=== Data to use ===

>>>

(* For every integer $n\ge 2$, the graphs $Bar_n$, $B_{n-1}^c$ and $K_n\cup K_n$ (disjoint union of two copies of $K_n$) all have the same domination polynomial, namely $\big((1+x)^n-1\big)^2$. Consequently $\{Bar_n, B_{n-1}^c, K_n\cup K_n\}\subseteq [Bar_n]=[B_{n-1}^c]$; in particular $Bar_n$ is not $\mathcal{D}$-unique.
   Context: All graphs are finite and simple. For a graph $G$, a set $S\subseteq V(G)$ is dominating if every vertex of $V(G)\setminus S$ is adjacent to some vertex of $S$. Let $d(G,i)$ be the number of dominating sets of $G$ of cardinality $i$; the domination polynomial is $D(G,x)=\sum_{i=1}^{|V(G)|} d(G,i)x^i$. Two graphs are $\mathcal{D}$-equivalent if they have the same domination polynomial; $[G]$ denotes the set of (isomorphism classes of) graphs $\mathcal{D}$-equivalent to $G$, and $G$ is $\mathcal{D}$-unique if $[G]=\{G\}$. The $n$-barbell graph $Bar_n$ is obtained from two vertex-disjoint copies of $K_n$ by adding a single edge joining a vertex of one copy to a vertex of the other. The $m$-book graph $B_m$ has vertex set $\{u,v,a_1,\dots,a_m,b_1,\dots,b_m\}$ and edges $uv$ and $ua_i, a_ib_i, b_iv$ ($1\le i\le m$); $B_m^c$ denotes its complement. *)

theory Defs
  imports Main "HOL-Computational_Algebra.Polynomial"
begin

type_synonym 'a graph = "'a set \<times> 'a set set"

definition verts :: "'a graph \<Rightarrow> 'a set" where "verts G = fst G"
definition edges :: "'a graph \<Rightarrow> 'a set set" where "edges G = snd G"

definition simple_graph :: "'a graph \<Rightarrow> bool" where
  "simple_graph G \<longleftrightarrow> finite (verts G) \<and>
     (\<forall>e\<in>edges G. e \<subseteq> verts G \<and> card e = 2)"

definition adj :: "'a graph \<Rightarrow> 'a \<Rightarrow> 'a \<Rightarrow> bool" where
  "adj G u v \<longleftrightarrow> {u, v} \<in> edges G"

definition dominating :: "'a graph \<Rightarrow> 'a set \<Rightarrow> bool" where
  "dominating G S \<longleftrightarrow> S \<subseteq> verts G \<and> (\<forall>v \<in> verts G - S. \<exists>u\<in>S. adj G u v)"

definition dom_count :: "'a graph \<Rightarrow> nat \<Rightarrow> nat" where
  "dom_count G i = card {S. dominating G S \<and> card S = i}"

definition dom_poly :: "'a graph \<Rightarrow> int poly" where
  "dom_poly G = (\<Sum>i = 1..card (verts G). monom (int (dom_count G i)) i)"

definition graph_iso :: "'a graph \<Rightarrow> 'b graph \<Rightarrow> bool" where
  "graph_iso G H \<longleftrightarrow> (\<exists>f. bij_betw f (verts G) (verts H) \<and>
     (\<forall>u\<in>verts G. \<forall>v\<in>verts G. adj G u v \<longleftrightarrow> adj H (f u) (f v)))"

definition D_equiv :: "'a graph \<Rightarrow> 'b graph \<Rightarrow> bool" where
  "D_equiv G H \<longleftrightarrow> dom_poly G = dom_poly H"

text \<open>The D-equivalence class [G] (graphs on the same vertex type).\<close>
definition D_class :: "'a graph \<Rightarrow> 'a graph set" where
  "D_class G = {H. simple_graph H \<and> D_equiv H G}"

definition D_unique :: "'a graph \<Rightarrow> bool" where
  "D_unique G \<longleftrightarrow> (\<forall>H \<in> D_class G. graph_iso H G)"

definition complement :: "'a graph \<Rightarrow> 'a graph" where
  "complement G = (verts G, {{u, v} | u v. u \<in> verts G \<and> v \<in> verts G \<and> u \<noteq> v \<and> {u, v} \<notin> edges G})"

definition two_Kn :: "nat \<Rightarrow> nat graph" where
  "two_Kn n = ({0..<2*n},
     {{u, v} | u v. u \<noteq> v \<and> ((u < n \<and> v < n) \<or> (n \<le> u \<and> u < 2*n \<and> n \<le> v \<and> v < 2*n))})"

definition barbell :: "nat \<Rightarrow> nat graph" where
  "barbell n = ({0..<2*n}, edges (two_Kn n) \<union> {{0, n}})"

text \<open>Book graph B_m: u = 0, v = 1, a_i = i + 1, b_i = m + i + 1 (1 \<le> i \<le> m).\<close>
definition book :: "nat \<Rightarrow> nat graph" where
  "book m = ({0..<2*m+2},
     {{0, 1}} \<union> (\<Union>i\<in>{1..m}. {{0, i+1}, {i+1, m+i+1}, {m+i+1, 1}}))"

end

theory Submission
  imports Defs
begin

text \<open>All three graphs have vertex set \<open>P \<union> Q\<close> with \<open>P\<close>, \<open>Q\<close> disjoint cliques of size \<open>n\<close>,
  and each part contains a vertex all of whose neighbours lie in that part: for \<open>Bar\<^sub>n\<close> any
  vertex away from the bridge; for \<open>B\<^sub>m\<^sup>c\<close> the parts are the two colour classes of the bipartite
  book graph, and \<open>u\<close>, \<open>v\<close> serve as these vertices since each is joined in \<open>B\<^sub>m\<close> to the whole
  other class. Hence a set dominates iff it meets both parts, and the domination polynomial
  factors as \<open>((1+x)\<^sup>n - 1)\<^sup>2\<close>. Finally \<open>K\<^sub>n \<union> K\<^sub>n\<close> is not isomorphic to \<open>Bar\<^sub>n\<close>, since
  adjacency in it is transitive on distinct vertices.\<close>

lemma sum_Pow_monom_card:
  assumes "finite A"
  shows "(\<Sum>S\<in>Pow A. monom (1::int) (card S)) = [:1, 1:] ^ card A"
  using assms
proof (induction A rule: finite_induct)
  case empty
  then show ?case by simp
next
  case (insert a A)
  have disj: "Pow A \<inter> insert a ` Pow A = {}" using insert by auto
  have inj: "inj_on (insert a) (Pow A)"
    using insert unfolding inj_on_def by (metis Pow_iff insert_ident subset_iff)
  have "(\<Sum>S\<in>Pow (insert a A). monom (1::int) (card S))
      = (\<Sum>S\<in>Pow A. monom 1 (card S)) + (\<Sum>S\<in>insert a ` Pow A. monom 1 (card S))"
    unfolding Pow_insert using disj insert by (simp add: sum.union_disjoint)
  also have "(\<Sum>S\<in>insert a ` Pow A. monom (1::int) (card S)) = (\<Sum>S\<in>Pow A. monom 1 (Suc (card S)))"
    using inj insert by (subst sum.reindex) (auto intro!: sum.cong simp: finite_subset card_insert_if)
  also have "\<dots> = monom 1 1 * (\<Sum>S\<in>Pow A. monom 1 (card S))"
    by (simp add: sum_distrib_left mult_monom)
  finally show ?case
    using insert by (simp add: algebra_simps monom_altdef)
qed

<<<

=== Work item ===
Repeat every record, keeping each word and mark exactly as it is.

=== Output of the task ===
(* For every integer $n\ge 2$, the graphs $Bar_n$, $B_{n-1}^c$ and $K_n\cup K_n$ (disjoint union of two copies of $K_n$) all have the same domination polynomial, namely $\big((1+x)^n-1\big)^2$. Consequently $\{Bar_n, B_{n-1}^c, K_n\cup K_n\}\subseteq [Bar_n]=[B_{n-1}^c]$; in particular $Bar_n$ is not $\mathcal{D}$-unique.
   Context: All graphs are finite and simple. For a graph $G$, a set $S\subseteq V(G)$ is dominating if every vertex of $V(G)\setminus S$ is adjacent to some vertex of $S$. Let $d(G,i)$ be the number of dominating sets of $G$ of cardinality $i$; the domination polynomial is $D(G,x)=\sum_{i=1}^{|V(G)|} d(G,i)x^i$. Two graphs are $\mathcal{D}$-equivalent if they have the same domination polynomial; $[G]$ denotes the set of (isomorphism classes of) graphs $\mathcal{D}$-equivalent to $G$, and $G$ is $\mathcal{D}$-unique if $[G]=\{G\}$. The $n$-barbell graph $Bar_n$ is obtained from two vertex-disjoint copies of $K_n$ by adding a single edge joining a vertex of one copy to a vertex of the other. The $m$-book graph $B_m$ has vertex set $\{u,v,a_1,\dots,a_m,b_1,\dots,b_m\}$ and edges $uv$ and $ua_i, a_ib_i, b_iv$ ($1\le i\le m$); $B_m^c$ denotes its complement. *)

theory Defs
  imports Main "HOL-Computational_Algebra.Polynomial"
begin

type_synonym 'a graph = "'a set \<times> 'a set set"

definition verts :: "'a graph \<Rightarrow> 'a set" where "verts G = fst G"
definition edges :: "'a graph \<Rightarrow> 'a set set" where "edges G = snd G"

definition simple_graph :: "'a graph \<Rightarrow> bool" where
  "simple_graph G \<longleftrightarrow> finite (verts G) \<and>
     (\<forall>e\<in>edges G. e \<subseteq> verts G \<and> card e = 2)"

definition adj :: "'a graph \<Rightarrow> 'a \<Rightarrow> 'a \<Rightarrow> bool" where
  "adj G u v \<longleftrightarrow> {u, v} \<in> edges G"

definition dominating :: "'a graph \<Rightarrow> 'a set \<Rightarrow> bool" where
  "dominating G S \<longleftrightarrow> S \<subseteq> verts G \<and> (\<forall>v \<in> verts G - S. \<exists>u\<in>S. adj G u v)"

definition dom_count :: "'a graph \<Rightarrow> nat \<Rightarrow> nat" where
  "dom_count G i = card {S. dominating G S \<and> card S = i}"

definition dom_poly :: "'a graph \<Rightarrow> int poly" where
  "dom_poly G = (\<Sum>i = 1..card (verts G). monom (int (dom_count G i)) i)"

definition graph_iso :: "'a graph \<Rightarrow> 'b graph \<Rightarrow> bool" where
  "graph_iso G H \<longleftrightarrow> (\<exists>f. bij_betw f (verts G) (verts H) \<and>
     (\<forall>u\<in>verts G. \<forall>v\<in>verts G. adj G u v \<longleftrightarrow> adj H (f u) (f v)))"

definition D_equiv :: "'a graph \<Rightarrow> 'b graph \<Rightarrow> bool" where
  "D_equiv G H \<longleftrightarrow> dom_poly G = dom_poly H"

text \<open>The D-equivalence class [G] (graphs on the same vertex type).\<close>
definition D_class :: "'a graph \<Rightarrow> 'a graph set" where
  "D_class G = {H. simple_graph H \<and> D_equiv H G}"

definition D_unique :: "'a graph \<Rightarrow> bool" where
  "D_unique G \<longleftrightarrow> (\<forall>H \<in> D_class G. graph_iso H G)"

definition complement :: "'a graph \<Rightarrow> 'a graph" where
  "complement G = (verts G, {{u, v} | u v. u \<in> verts G \<and> v \<in> verts G \<and> u \<noteq> v \<and> {u, v} \<notin> edges G})"

definition two_Kn :: "nat \<Rightarrow> nat graph" where
  "two_Kn n = ({0..<2*n},
     {{u, v} | u v. u \<noteq> v \<and> ((u < n \<and> v < n) \<or> (n \<le> u \<and> u < 2*n \<and> n \<le> v \<and> v < 2*n))})"

definition barbell :: "nat \<Rightarrow> nat graph" where
  "barbell n = ({0..<2*n}, edges (two_Kn n) \<union> {{0, n}})"

text \<open>Book graph B_m: u = 0, v = 1, a_i = i + 1, b_i = m + i + 1 (1 \<le> i \<le> m).\<close>
definition book :: "nat \<Rightarrow> nat graph" where
  "book m = ({0..<2*m+2},
     {{0, 1}} \<union> (\<Union>i\<in>{1..m}. {{0, i+1}, {i+1, m+i+1}, {m+i+1, 1}}))"

end

theory Submission
  imports Defs
begin

text \<open>All three graphs have vertex set \<open>P \<union> Q\<close> with \<open>P\<close>, \<open>Q\<close> disjoint cliques of size \<open>n\<close>,
  and each part contains a vertex all of whose neighbours lie in that part: for \<open>Bar\<^sub>n\<close> any
  vertex away from the bridge; for \<open>B\<^sub>m\<^sup>c\<close> the parts are the two colour classes of the bipartite
  book graph, and \<open>u\<close>, \<open>v\<close> serve as these vertices since each is joined in \<open>B\<^sub>m\<close> to the whole
  other class. Hence a set dominates iff it meets both parts, and the domination polynomial
  factors as \<open>((1+x)\<^sup>n - 1)\<^sup>2\<close>. Finally \<open>K\<^sub>n \<union> K\<^sub>n\<close> is not isomorphic to \<open>Bar\<^sub>n\<close>, since
  adjacency in it is transitive on distinct vertices.\<close>

lemma sum_Pow_monom_card:
  assumes "finite A"
  shows "(\<Sum>S\<in>Pow A. monom (1::int) (card S)) = [:1, 1:] ^ card A"
  using assms
proof (induction A rule: finite_induct)
  case empty
  then show ?case by simp
next
  case (insert a A)
  have disj: "Pow A \<inter> insert a ` Pow A = {}" using insert by auto
  have inj: "inj_on (insert a) (Pow A)"
    using insert unfolding inj_on_def by (metis Pow_iff insert_ident subset_iff)
  have "(\<Sum>S\<in>Pow (insert a A). monom (1::int) (card S))
      = (\<Sum>S\<in>Pow A. monom 1 (card S)) + (\<Sum>S\<in>insert a ` Pow A. monom 1 (card S))"
    unfolding Pow_insert using disj insert by (simp add: sum.union_disjoint)
  also have "(\<Sum>S\<in>insert a ` Pow A. monom (1::int) (card S)) = (\<Sum>S\<in>Pow A. monom 1 (Suc (card S)))"
    using inj insert by (subst sum.reindex) (auto intro!: sum.cong simp: finite_subset card_insert_if)
  also have "\<dots> = monom 1 1 * (\<Sum>S\<in>Pow A. monom 1 (card S))"
    by (simp add: sum_distrib_left mult_monom)
  finally show ?case
    using insert by (simp add: algebra_simps monom_altdef)
qed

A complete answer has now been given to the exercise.